The regulator has deemed the broker ‘not a fit and proper person to conduct regulated activities’ after ignoring fair value questionnaire request from 2022

The FCA has removed Glasgow-based broker L R Kennedy Insurance Services’ permissions to carry out regulated activities after the firm ignored repeated requests from the regulator to comply with fair value reporting.

In a statement published on 25 April 2025, the FCA’s enforcement and market oversight division confirmed that it had cancelled L R Kennedy Insurance Services’ part 4A permissions to perform regulated activities, effective from this date.

The document stated: “It appears to the authority that the firm is failing to satisfy the suitability Threshold Condition, in that the firm is not a fit and proper person to conduct regulated activities.

“Specifically, the firm has failed to be open and cooperative in all its dealings with the authority – as a result, the authority is not satisfied that the firm’s business is being, or will be, managed in such a way as to ensure that its affairs will be conducted in a sound and prudent manner.”

The broker was first authorised by the FCA in January 2005 for “insurance distribution, consumer credit and designated investment business activities”.

Lack of communication

The circumstances leading up to the FCA’s decision followed the regulator’s work on general insurance pricing practices and the introduction of its fair value ethos in January 2022.

This regulatory change included eliminating the practice of price walking, also known as the loyalty penalty, in the personal home and motor markets.

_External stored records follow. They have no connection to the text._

definition eigvec :: "(nat \<Rightarrow> bool) \<Rightarrow> nat \<Rightarrow> complex" where
  "eigvec a m = (if bits m \<subseteq> {j. a j} then (\<Prod>j\<in>bits m. eig_weight j) else 0)"

definition eigvec_bound :: "nat \<Rightarrow> real" where
  "eigvec_bound m = (\<Prod>j\<in>bits m. (1/4)^j)"

lemma eigvec_bound_nonneg: "0 \<le> eigvec_bound m"
  by (simp add: eigvec_bound_def prod_nonneg)

lemma summable_eigvec_bound: "summable eigvec_bound"
proof (rule summable_bounded_nonneg[THEN conjunct1])
  let ?g = "\<lambda>j. complex_of_real ((1/4)^j)"
  have g: "summable (\<lambda>j. cmod (?g j))" by (simp add: norm_power summable_geometric)
  fix N
  have "(\<Sum>m<N. eigvec_bound m) \<le> (\<Sum>m | bits m \<subseteq> {..<N}. eigvec_bound m)"
    by (intro sum_mono2 finite_codes) (auto simp: eigvec_bound_nonneg dest: bit_less)
  also have "\<dots> = (\<Sum>S\<in>Pow {..<N}. \<Prod>j\<in>S. (1/4)^j)"
    unfolding eigvec_bound_def by (rule sum_over_codes) simp
  also have "\<dots> = (\<Prod>j<N. 1 + cmod (?g j))" by (simp add: sum_Pow_prod norm_power)
  also have "\<dots> \<le> exp (\<Sum>j. cmod (?g j))" by (rule prod_one_plus_le_exp_suminf[OF g]) simp
  finally show "(\<Sum>m<N. eigvec_bound m) \<le> exp (\<Sum>j. cmod (?g j))" .
qed (rule eigvec_bound_nonneg)

lemma cmod_eigvec_sq: "(cmod (eigvec a m))^2 = (if bits m \<subseteq> {j. a j} then eigvec_bound m else 0)"
proof -
  have "(\<Prod>j\<in>bits m. (1/2::real)^j)^2 = (\<Prod>j\<in>bits m. (1/4)^j)"
    by (simp add: power2_eq_square prod.distrib[symmetric] power_mult_distrib[symmetric])
  then show ?thesis
    by (simp add: eigvec_def eigvec_bound_def eig_weight_def prod_norm[symmetric] norm_power)
qed

lemma eigvec_ell2: "eigvec a \<in> ell2"
  unfolding ell2_def mem_Collect_eq
  by (rule summable_comparison_test'[OF summable_eigvec_bound])
     (auto simp: cmod_eigvec_sq eigvec_bound_nonneg)

definition prefix :: "nat \<Rightarrow> (nat \<Rightarrow> bool) \<Rightarrow> nat \<Rightarrow> bool" where
  "prefix J a = (\<lambda>j. a j \<and> j < J)"

lemma finite_prefix: "finite {j. prefix J a j}"
  by (rule finite_subset[of _ "{..<J}"]) (auto simp: prefix_def)

lemma eigvec_prefix_eq:
  assumes "i \<le> J" shows "eigvec (prefix J a) i = eigvec a i"
proof -
  have "\<forall>j\<in>bits i. j < J" using bit_less assms less_le_trans by blast
  then have "bits i \<subseteq> {j. prefix J a j} \<longleftrightarrow> bits i \<subseteq> {j. a j}" by (auto simp: prefix_def)
  then show ?thesis by (simp add: eigvec_def)
qed

lemma eigvec_prefix_dist:
  "ell2_norm (\<lambda>m. eigvec a m - eigvec (prefix J a) m) \<le> sqrt (\<Sum>m. if m < J then 0 else eigvec_bound m)"
proof -
  have st: "summable (\<lambda>m. if m < J then 0 else eigvec_bound m)"
    by (rule summable_comparison_test'[OF summable_eigvec_bound]) (auto simp: eigvec_bound_nonneg)
  have le: "(cmod (eigvec a m - eigvec (prefix J a) m))^2 \<le> (if m < J then 0 else eigvec_bound m)" for m
  proof (cases "m < J")
    case True then show ?thesis using eigvec_prefix_eq[of m J a] by simp
  next
    case False
    show ?thesis
    proof (cases "bits m \<subseteq> {j. prefix J a j}")
      case True
      then have "bits m \<subseteq> {j. a j}" by (auto simp: prefix_def)
      then show ?thesis using True False by (simp add: eigvec_def eigvec_bound_nonneg)
    next
      case F2: False
      then have "eigvec (prefix J a) m = 0" by (simp add: eigvec_def)
      then show ?thesis using False cmod_eigvec_sq[of a m] by (simp add: eigvec_bound_nonneg)
    qed
  qed
  have d: "(\<lambda>m. eigvec a m - eigvec (prefix J a) m) \<in> ell2" by (rule ell2_diff[OF eigvec_ell2 eigvec_ell2])
  show ?thesis unfolding ell2_norm_def
    by (intro real_sqrt_le_mono suminf_le le st) (use d in \<open>simp add: ell2_def\<close>)
qed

Within the new rules, the regulator required general insurance firms “to submit an attestation which confirms that their pricing of products is compliant with the new requirements” – to this end, it sent out an online questionnaire to be completed by March 2022.

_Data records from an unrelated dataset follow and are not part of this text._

lemma weight0_rotate: "weight0 N f \<Longrightarrow> f (\<lambda>i. \<omega> * u i) (\<lambda>i. \<omega>^2 * w i) = f u w"
proof (induction rule: weight0.induct)
  case (weight0_uw r s)
  have "\<omega> * u r * (\<omega>^2 * w s) = u r * w s" using omega_cube by algebra
  then show ?case by simp
next
  case (weight0_uuu r s t)
  have "\<omega> * u r * (\<omega> * u s) * (\<omega> * u t) = u r * u s * u t" using omega_cube by algebra
  then show ?case by simp
next
  case (weight0_www r s t)
  have "\<omega>^2 * w r * (\<omega>^2 * w s) * (\<omega>^2 * w t) = w r * w s * w t" using omega_cube by algebra
  then show ?case by simp
qed simp_all

lemma weight1_rotate: "weight1 N f \<Longrightarrow> f (\<lambda>i. \<omega> * u i) (\<lambda>i. \<omega>^2 * w i) = \<omega> * f u w"
proof (induction rule: weight1.induct)
  case (weight1_u r f)
  then show ?case by (simp add: weight0_rotate[OF weight1_u(2)] mult.assoc)
next
  case (weight1_ww r s f)
  have "\<omega>^2 * w r * (\<omega>^2 * w s) * f u w = \<omega> * (w r * w s * f u w)" using omega_cube by algebra
  then show ?case by (simp add: weight0_rotate[OF weight1_ww(3)])
qed (simp_all add: distrib_left)

lemma weight2_rotate: "weight2 N f \<Longrightarrow> f (\<lambda>i. \<omega> * u i) (\<lambda>i. \<omega>^2 * w i) = \<omega>^2 * f u w"
proof (induction rule: weight2.induct)
  case (weight2_uu r s f)
  have "\<omega> * u r * (\<omega> * u s) * f u w = \<omega>^2 * (u r * u s * f u w)" by algebra
  then show ?case by (simp add: weight0_rotate[OF weight2_uu(3)])
next
  case (weight2_w r f)
  then show ?case by (simp add: weight0_rotate[OF weight2_w(2)] mult.assoc)
qed (simp_all add: distrib_left)

definition weight_decomposable :: "nat \<Rightarrow> pair_fun \<Rightarrow> bool" where
  "weight_decomposable N F \<longleftrightarrow> (\<exists>f0 f1 f2. weight0 N f0 \<and> weight1 N f1 \<and> weight2 N f2
      \<and> (\<forall>u w. F u w = f0 u w + f1 u w + f2 u w))"

lemma weight_decomposable_add:
  assumes "weight_decomposable N F" and "weight_decomposable N G"
  shows "weight_decomposable N (\<lambda>u w. F u w + G u w)"
proof -
  obtain a0 a1 a2 b0 b1 b2 where
    a: "weight0 N a0" "weight1 N a1" "weight2 N a2" "\<forall>u w. F u w = a0 u w + a1 u w + a2 u w"
    and b: "weight0 N b0" "weight1 N b1" "weight2 N b2" "\<forall>u w. G u w = b0 u w + b1 u w + b2 u w"
    using assms unfolding weight_decomposable_def by blast
  have "weight0 N (\<lambda>u w. a0 u w + b0 u w)" "weight1 N (\<lambda>u w. a1 u w + b1 u w)"
    "weight2 N (\<lambda>u w. a2 u w + b2 u w)"
    using a b by (auto intro: weight0_add weight1.weight1_add weight2.weight2_add)
  moreover have "\<forall>u w. F u w + G u w = (a0 u w + b0 u w) + (a1 u w + b1 u w) + (a2 u w + b2 u w)"
    using a(4) b(4) by (simp add: algebra_simps)
  ultimately show ?thesis unfolding weight_decomposable_def by blast
qed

According to the FCA, L R Kennedy Insurance Services did not complete this questionnaire and subsequently failed to respond to multiple correspondence from the regulator over 2022, 2023 and 2024 regarding the survey’s completion and complying with the new rules.

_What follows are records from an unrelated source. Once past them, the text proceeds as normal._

lemma G_module_coordinate_in_polys_V:
  fixes \<rho> :: "'g \<Rightarrow> ('d::finite \<Rightarrow> 'k::field) \<Rightarrow> ('d \<Rightarrow> 'k)"
  assumes "G_module G \<rho>" "g \<in> carrier G"
  shows "(\<lambda>u. \<rho> g u j) \<in> polys_V"
  using assms unfolding G_module_def by (intro linear_form_in_polys_V) simp_all

lemma (in group) prod_reindex_right_mult:
  assumes "h \<in> carrier G"
  shows "(\<Prod>g\<in>carrier G. f (g \<otimes> h)) = (\<Prod>g\<in>carrier G. f g)"
  by (rule prod.reindex_bij_witness[where i = "\<lambda>g. g \<otimes> inv h" and j = "\<lambda>g. g \<otimes> h"])
    (use assms in \<open>simp_all add: m_assoc\<close>)

lemma orbit_product_in_inv_V:
  fixes \<rho> :: "'g \<Rightarrow> ('d::finite \<Rightarrow> 'k::field) \<Rightarrow> ('d \<Rightarrow> 'k)"
  assumes "group G" "finite (carrier G)" "G_module G \<rho>"
  shows "(\<lambda>u. \<Prod>g\<in>carrier G. t + \<rho> g u j) \<in> inv_V G \<rho>"
  unfolding inv_V_def
proof (intro CollectI conjI ballI allI)
  have "(\<lambda>u. t + \<rho> g u j) \<in> polys_V" if "g \<in> carrier G" for g
    using G_module_coordinate_in_polys_V[OF assms(3) that] unfolding polys_V_def
    by (rule gen_alg.add[OF gen_alg.const])
  then show "(\<lambda>u. \<Prod>g\<in>carrier G. t + \<rho> g u j) \<in> polys_V"
    unfolding polys_V_def using assms(2) by (intro gen_alg_prod)
  fix h u assume h: "h \<in> carrier G"
  have "(\<Prod>g\<in>carrier G. t + \<rho> g (\<rho> h u) j) = (\<Prod>g\<in>carrier G. t + \<rho> (g \<otimes>\<^bsub>G\<^esub> h) u j)"
    using assms(3) h unfolding G_module_def by (intro prod.cong) simp_all
  also have "\<dots> = (\<Prod>g\<in>carrier G. t + \<rho> g u j)"
    using group.prod_reindex_right_mult[OF assms(1) h] .
  finally show "(\<Prod>g\<in>carrier G. t + \<rho> g (\<rho> h u) j) = (\<Prod>g\<in>carrier G. t + \<rho> g u j)" .
qed

lemma inv_V_separates_zero:
  fixes \<rho> :: "'g \<Rightarrow> ('d::finite \<Rightarrow> 'k::field) \<Rightarrow> ('d \<Rightarrow> 'k)"
  assumes "group G" "finite (carrier G)" "G_module G \<rho>"
    and "\<forall>f\<in>inv_V G \<rho>. f v = f (\<lambda>_. 0)"
  shows "v = (\<lambda>_. 0)"
proof (rule ccontr)
  assume "v \<noteq> (\<lambda>_. 0)"
  then obtain j where "v j \<noteq> 0" by auto
  define f where "f = (\<lambda>u. \<Prod>g\<in>carrier G. - v j + \<rho> g u j)"
  have "f v = f (\<lambda>_. 0)"
    using bspec[OF assms(4) orbit_product_in_inv_V[OF assms(1-3), of "- v j" j]] unfolding f_def .
  moreover have "f v = 0"
    \<comment> \<open>the factor of the identity element vanishes\<close>
    using assms(1-3) unfolding f_def G_module_def
    by (intro prod_zero bexI[of _ "\<one>\<^bsub>G\<^esub>"]) (simp_all add: group.is_monoid)
  moreover have "f (\<lambda>_. 0) = (- v j) ^ card (carrier G)"
    unfolding f_def using G_module_zero[OF assms(3)] by simp
  ultimately show False using \<open>v j \<noteq> 0\<close> by simp
qed

lemma component_in_inv_Vn:
  fixes \<rho> :: "'g \<Rightarrow> ('d \<Rightarrow> 'k::field) \<Rightarrow> ('d \<Rightarrow> 'k)"
  assumes "f \<in> inv_V G \<rho>" "i < n"
  shows "(\<lambda>w. f (w i)) \<in> inv_Vn G \<rho> n"
proof -
  have "(\<lambda>w. f (w i)) \<in> polys_Vn n"
    unfolding polys_Vn_def
  proof (rule gen_alg_compose[where f = f and \<phi> = "\<lambda>w. w i"])
    show "f \<in> gen_alg {(\<lambda>v. v j) | j. True}"
      using assms(1) unfolding inv_V_def polys_V_def by blast
  next
    fix c :: "('d \<Rightarrow> 'k) \<Rightarrow> 'k" assume "c \<in> {(\<lambda>v. v j) | j. True}"
    then show "(\<lambda>w. c (w i)) \<in> gen_alg {(\<lambda>w. w i j) | i j. i < n}"
      using assms(2) by (auto intro: gen_alg.gen)
  qed
  then show ?thesis using assms(1) unfolding inv_Vn_def inv_V_def by simp
qed

lemma Vsum_eq_zero_if_invariants_trivial_on_components:
  fixes \<rho> :: "'g \<Rightarrow> ('d::finite \<Rightarrow> 'k::field) \<Rightarrow> ('d \<Rightarrow> 'k)"
  assumes "group G" "finite (carrier G)" "G_module G \<rho>"
    and "w \<in> Vsum n"
    and "\<And>i f. i < n \<Longrightarrow> f \<in> inv_V G \<rho> \<Longrightarrow> f (w i) = f (\<lambda>_. 0)"
  shows "w = (\<lambda>_ _. 0)"
proof
  fix i
  show "w i = (\<lambda>_. 0)"
  proof (cases "i < n")
    case False
    then show ?thesis using assms(4) unfolding Vsum_def by simp
  next
    case True
    then show ?thesis using inv_V_separates_zero[OF assms(1-3)] assms(5) by blast
  qed
qed

lemma nullcone_eq_zero:
  fixes \<rho> :: "'g \<Rightarrow> ('d::finite \<Rightarrow> 'k::field) \<Rightarrow> ('d \<Rightarrow> 'k)"
  assumes "group G" "finite (carrier G)" "G_module G \<rho>"
  shows "nullcone G \<rho> n = {\<lambda>_ _. 0}"
proof -
  have "w = (\<lambda>_ _. 0)" if w: "w \<in> nullcone G \<rho> n" for w
  proof (rule Vsum_eq_zero_if_invariants_trivial_on_components[OF assms])
    show "w \<in> Vsum n" using w unfolding nullcone_def by blast
    fix i f assume "i < n" "f \<in> inv_V G \<rho>"
    then show "f (w i) = f (\<lambda>_. 0)"
      using w component_in_inv_Vn unfolding nullcone_def by fastforce
  qed
  then show ?thesis unfolding nullcone_def Vsum_def by auto
qed

section \<open>Polarizations\<close>

text \<open>Unlike
  \<^const>\<open>pol_family\<close>, which sums over the nonzero members, this form is preserved by sums and
  products.\<close>
definition polarization_on ::
    "nat \<Rightarrow> (('d \<Rightarrow> 'k::comm_ring_1) \<Rightarrow> 'k) \<Rightarrow> ((nat \<Rightarrow> nat) \<Rightarrow> (nat \<Rightarrow> 'd \<Rightarrow> 'k) \<Rightarrow> 'k)
      \<Rightarrow> (nat \<Rightarrow> nat) set \<Rightarrow> bool" where
  "polarization_on n f h S \<longleftrightarrow>
     finite S \<and> (\<forall>e\<in>S. \<forall>i\<ge>n. e i = 0) \<and> (\<forall>e. e \<notin> S \<longrightarrow> h e = (\<lambda>_. 0)) \<and>
     (\<forall>e. h e \<in> polys_Vn n) \<and>
     (\<forall>\<alpha> w. f (\<lambda>j. \<Sum>i<n. \<alpha> i * w i j) = (\<Sum>e\<in>S. (\<Prod>i<n. \<alpha> i ^ e i) * h e w))"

Therefore, in November 2024, the FCA warned the broker that it was considering enacting enforcement action against it. L R Kennedy Insurance Services did not respond to this notice by the FCA’s deadline of 28 November 2024, failing “to either submit the outstanding returns or to voluntarily apply to cancel its part 4A permission”.

This ultimately led to the cancellation of L R Kennedy Insurance Services’ permissions.

The April 2025 statement concluded: “[The firm] has failed to comply with Principle 11 – relations with regulators – in that the firm has failed to deal with the authority in an open and cooperative way.

“Furthermore, the firm has not demonstrated that it is ready, willing and organised to comply with the requirements and standards under the regulatory system.”